Recently, IBM officially released a lightweight visual language AI model called Granite-Docling-258M. This model is specifically designed for document conversion and features strong multilingual support, including Chinese, Arabic, and Japanese, aiming to improve the efficiency and accuracy of document processing. The parameter count of Granite-Docling-258M is 258 million, and it is an optimized model for document table processing.
Compared to traditional OCR software, Granite-Docling-258M has a significant improvement in recognition accuracy. Its output not only retains the original document layout structure but also effectively identifies various elements such as tables, mathematical formulas, lists, and code blocks. The core of this new technology lies in DocTags, a universal file structure markup language developed by IBM Research, which can accurately describe the type, position, and reading order of page elements.
During the document conversion process, Granite-Docling-258M first identifies the various elements in the document and then performs OCR recognition. This method makes content extraction and output more efficient and accurate. After conversion, users can export the content in multiple formats such as Markdown, JSON, and HTML, meeting different usage needs. In addition, IBM plans to incorporate the DocTags vocabulary into the tokenizer and training process of Granite to further enhance the model's performance.

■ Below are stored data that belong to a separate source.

section \<open>Spherical completeness\<close>

lemma sph_complete_pairwise_cballs:
  fixes v :: "'a::field \<Rightarrow> real" and c :: "'i \<Rightarrow> 'a"
  assumes sc: "sph_complete v" and v: "nonarch_abs v" and "I \<noteq> {}"
    and r_pos: "\<And>j. j \<in> I \<Longrightarrow> 0 < r j"
    and meet: "\<And>j k. j \<in> I \<Longrightarrow> k \<in> I \<Longrightarrow> v (c j - c k) \<le> max (r j) (r k)"
  shows "\<exists>w. \<forall>j\<in>I. v (w - c j) \<le> r j"
proof -
  interpret ultranorm v
    using v by (rule ultranorm_nonarch_abs)
  have nested: "cball_wrt v (c k) (r k) \<subseteq> cball_wrt v (c j) (r j)"
    if "j \<in> I" "k \<in> I" "r k \<le> r j" for j k
  proof
    fix u assume "u \<in> cball_wrt v (c k) (r k)"
    then have "v (u - c k) \<le> r j"
      using that(3) unfolding cball_wrt_def by simp
    moreover have "v (c k - c j) \<le> r j"
      using meet[OF that(2,1)] that(3) by simp
    ultimately show "u \<in> cball_wrt v (c j) (r j)"
      using diff_le[of u "c j" "c k"] unfolding cball_wrt_def by simp
  qed
  let ?C = "(\<lambda>j. cball_wrt v (c j) (r j)) ` I"
  have "B \<subseteq> B' \<or> B' \<subseteq> B" if B: "B \<in> ?C" "B' \<in> ?C" for B B'
  proof -
    obtain j k where "j \<in> I" "k \<in> I" "B = cball_wrt v (c j) (r j)" "B' = cball_wrt v (c k) (r k)"
      using B by blast
    then show ?thesis
      using nested[of j k] nested[of k j] by (cases "r k \<le> r j") auto
  qed
  moreover have "\<forall>B\<in>?C. \<exists>c r. 0 < r \<and> B = cball_wrt v c r"
    using r_pos by (auto intro!: exI)
  ultimately have "?C \<noteq> {} \<and> (\<forall>B\<in>?C. \<exists>c r. 0 < r \<and> B = cball_wrt v c r) \<and>
      (\<forall>B\<in>?C. \<forall>B'\<in>?C. B \<subseteq> B' \<or> B' \<subseteq> B)"
    using \<open>I \<noteq> {}\<close> by simp
  then have "\<Inter>?C \<noteq> {}"
    by (rule sc[unfolded sph_complete_def, rule_format])
  then obtain w where "w \<in> \<Inter>?C"
    by blast
  then show ?thesis
    unfolding cball_wrt_def by blast
qed

lemma prod_sph_complete_pairwise_cballs:
  fixes v :: "'a::field \<Rightarrow> real" and c :: "'i \<Rightarrow> nat \<Rightarrow> 'a"
  assumes sc: "sph_complete v" and v: "nonarch_abs v" and "I \<noteq> {}"
    and t_pos: "\<And>i. i < m \<Longrightarrow> 0 < t i" and r_pos: "\<And>j. j \<in> I \<Longrightarrow> 0 < r j"
    and meet: "\<And>j k. j \<in> I \<Longrightarrow> k \<in> I \<Longrightarrow> prod_norm v t m (c j - c k) \<le> max (r j) (r k)"
  shows "\<exists>w. (\<forall>i\<ge>m. w i = 0) \<and> (\<forall>j\<in>I. prod_norm v t m (w - c j) \<le> r j)"
proof -
  have coordinate: "\<exists>w. \<forall>j\<in>I. v (w - c j i) \<le> r j / t i" if "i < m" for i
  proof (rule sph_complete_pairwise_cballs[OF sc v \<open>I \<noteq> {}\<close>])
    show "0 < r j / t i" if "j \<in> I" for j
      using r_pos[OF that] t_pos[OF \<open>i < m\<close>] by simp
    fix j k assume "j \<in> I" "k \<in> I"
    have "t i * v (c j i - c k i) \<le> max (r j) (r k)"
      using prod_norm_ge[OF \<open>i < m\<close>, of t v "c j - c k"] meet[OF \<open>j \<in> I\<close> \<open>k \<in> I\<close>] by simp
    then have "v (c j i - c k i) \<le> max (r j) (r k) / t i"
      using t_pos[OF \<open>i < m\<close>] by (simp add: pos_le_divide_eq mult.commute)
    then show "v (c j i - c k i) \<le> max (r j / t i) (r k / t i)"
      using t_pos[OF \<open>i < m\<close>] by (simp add: max_divide_distrib_right)
  qed
  have "\<forall>i. \<exists>w. i < m \<longrightarrow> (\<forall>j\<in>I. v (w - c j i) \<le> r j / t i)"
    using coordinate by blast
  then obtain w where w: "\<forall>i. i < m \<longrightarrow> (\<forall>j\<in>I. v (w i - c j i) \<le> r j / t i)"
    by (rule choice[THEN exE])
  define w' where "w' i = (if i < m then w i else 0)" for i
  have "prod_norm v t m (w' - c j) \<le> r j" if "j \<in> I" for j
  proof (subst prod_norm_le_iff)
    show "0 \<le> r j"
      using r_pos[OF that] by simp
    show "\<forall>i<m. t i * v ((w' - c j) i) \<le> r j"
      using w that t_pos by (simp add: w'_def pos_le_divide_eq mult.commute)
  qed
  then show ?thesis
    by (intro exI[of _ w']) (simp add: w'_def)
qed

section \<open>Extending the isometry from the span of the basis\<close>

locale basis_isometry = nonarch_space smul absK nE
  for smul :: "'k::field \<Rightarrow> 'e::ab_group_add \<Rightarrow> 'e" and absK nE +
  fixes absV :: "'v::field \<Rightarrow> real" and \<iota> :: "'k \<Rightarrow> 'v" and a :: "nat \<Rightarrow> 'e" and m :: nat
  assumes V_abs: "nonarch_abs absV" and V_sc: "sph_complete absV"
    and iota_add: "\<iota> (x + y) = \<iota> x + \<iota> y" and iota_mult: "\<iota> (x * y) = \<iota> x * \<iota> y"
    and iota_one [simp]: "\<iota> 1 = 1" and abs_iota: "absV (\<iota> x) = absK x"
    and a_inj: "inj_on a {..<m}" and a_max: "max_orthogonal_set smul nE (a ` {..<m})"
begin

abbreviation pn :: "(nat \<Rightarrow> 'v) \<Rightarrow> real" where
  "pn \<equiv> prod_norm absV (\<lambda>i. nE (a i)) m"

lemma iota_zero [simp]: "\<iota> 0 = 0"
proof -
  have "\<iota> 0 + \<iota> 0 = \<iota> 0 + 0"
    using iota_add[of 0 0] by simp
  then show ?thesis
    by (rule add_left_imp_eq)
qed

lemma iota_minus [simp]: "\<iota> (- x) = - \<iota> x"
proof -
  have "\<iota> x + \<iota> (- x) = 0"
    using iota_add[of x "- x"] by simp
  then show ?thesis
    by (simp add: minus_unique)
qed

lemma a_orth: "orthogonal_set smul nE (a ` {..<m})"
  using a_max unfolding max_orthogonal_set_def by blast

lemma norm_basis_pos:
  assumes "i < m"
  shows "0 < nE (a i)"
proof -
  have "a i \<noteq> 0"
    using orthogonal_setD(1)[OF a_orth] assms by simp
  then show ?thesis
    using norm_nonneg[of "a i"] by (simp add: order_less_le)
qed

sublocale pn: ultranorm pn
  by (rule ultranorm_prod_norm[OF V_abs norm_nonneg])

lemma pn_scale: "pn (\<lambda>i. \<iota> c * y i) = absK c * pn y"
  using prod_norm_mult[OF V_abs] by (simp add: abs_iota)

definition lincomb :: "(nat \<Rightarrow> 'k) \<Rightarrow> 'e" where
  "lincomb l = (\<Sum>i<m. smul (l i) (a i))"

definition coords :: "(nat \<Rightarrow> 'k) \<Rightarrow> nat \<Rightarrow> 'v" where
  "coords l = (\<lambda>i. if i < m then \<iota> (l i) else 0)"

definition basis_graph :: "('e \<times> (nat \<Rightarrow> 'v)) set" where
  "basis_graph = range (\<lambda>l. (lincomb l, coords l))"

lemma lincomb_eq_sum: "lincomb l = (\<Sum>x\<in>a ` {..<m}. smul (l (the_inv_into {..<m} a x)) x)"
  unfolding lincomb_def sum.reindex[OF a_inj]
  by (intro sum.cong) (simp_all add: the_inv_into_f_f[OF a_inj])

lemma span_basis: "span (a ` {..<m}) = range lincomb"
proof -
  have "(\<Sum>x\<in>a ` {..<m}. smul (u x) x) = lincomb (u \<circ> a)" for u
    unfolding lincomb_def by (simp add: sum.reindex[OF a_inj])
  then have "span (a ` {..<m}) = range (\<lambda>u. lincomb (u \<circ> a))"
    unfolding span_finite[OF finite_imageI[OF finite_lessThan]] by simp
  also have "\<dots> = range lincomb"
  proof
    show "range lincomb \<subseteq> range (\<lambda>u. lincomb (u \<circ> a))"
    proof
      fix x assume "x \<in> range lincomb"
      then obtain l where "x = lincomb l"
        by blast
      also have "\<dots> = lincomb ((\<lambda>x. l (the_inv_into {..<m} a x)) \<circ> a)"
        unfolding lincomb_def by (intro sum.cong) (simp_all add: the_inv_into_f_f[OF a_inj])
      finally show "x \<in> range (\<lambda>u. lincomb (u \<circ> a))"
        by blast
    qed
  qed blast
  finally show ?thesis .
qed

lemma norm_lincomb: "nE (lincomb l) = pn (coords l)"
proof -
  let ?lam = "\<lambda>x. l (the_inv_into {..<m} a x)"
  have "nE (lincomb l) = Max (insert 0 ((\<lambda>x. nE (smul (?lam x) x)) ` a ` {..<m}))"
    unfolding lincomb_eq_sum using orthogonal_setD(2)[OF a_orth] by simp
  also have "(\<lambda>x. nE (smul (?lam x) x)) ` a ` {..<m} = (\<lambda>i. nE (a i) * absV (coords l i)) ` {..<m}"
    unfolding image_image
    by (intro image_cong refl) (simp add: the_inv_into_f_f[OF a_inj] coords_def norm_scale abs_iota)
  finally show ?thesis
    unfolding prod_norm_def .
qed

definition isometry_graph :: "('e \<times> (nat \<Rightarrow> 'v)) set \<Rightarrow> bool" where
  "isometry_graph G \<longleftrightarrow>
     (\<forall>x y x' y'. (x, y) \<in> G \<longrightarrow> (x', y') \<in> G \<longrightarrow> (x + x', y + y') \<in> G) \<and>
     (\<forall>c x y. (x, y) \<in> G \<longrightarrow> (smul c x, \<lambda>i. \<iota> c * y i) \<in> G) \<and>
     (\<forall>x y. (x, y) \<in> G \<longrightarrow> pn y = nE x \<and> (\<forall>i\<ge>m. y i = 0))"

Currently, Granite-Docling-258M has not reached the level of enterprise application, but IBM states that they will continue to expand the range of supported languages and improve the reliability of the model. In the future, IBM will also focus on enhancing the compatibility of DocTags with IBM watsonx.ai models to ensure comprehensive application of the technology.
The release of this new model undoubtedly brings new technological choices to the field of document processing and provides strong support for improving efficiency in related industries.
huggingface:https://huggingface.co/ibm-granite/granite-docling-258M
Key Points:
📄 ** Lightweight Model **: IBM released Granite-Docling-258M, specifically designed for document conversion.
🔍 ** High Accuracy **: This model has higher recognition accuracy than traditional OCR software and supports various document elements.
🌍 ** Multilingual Support **: Granite-Docling-258M currently supports Chinese, Arabic, and Japanese, and will expand to more languages in the future.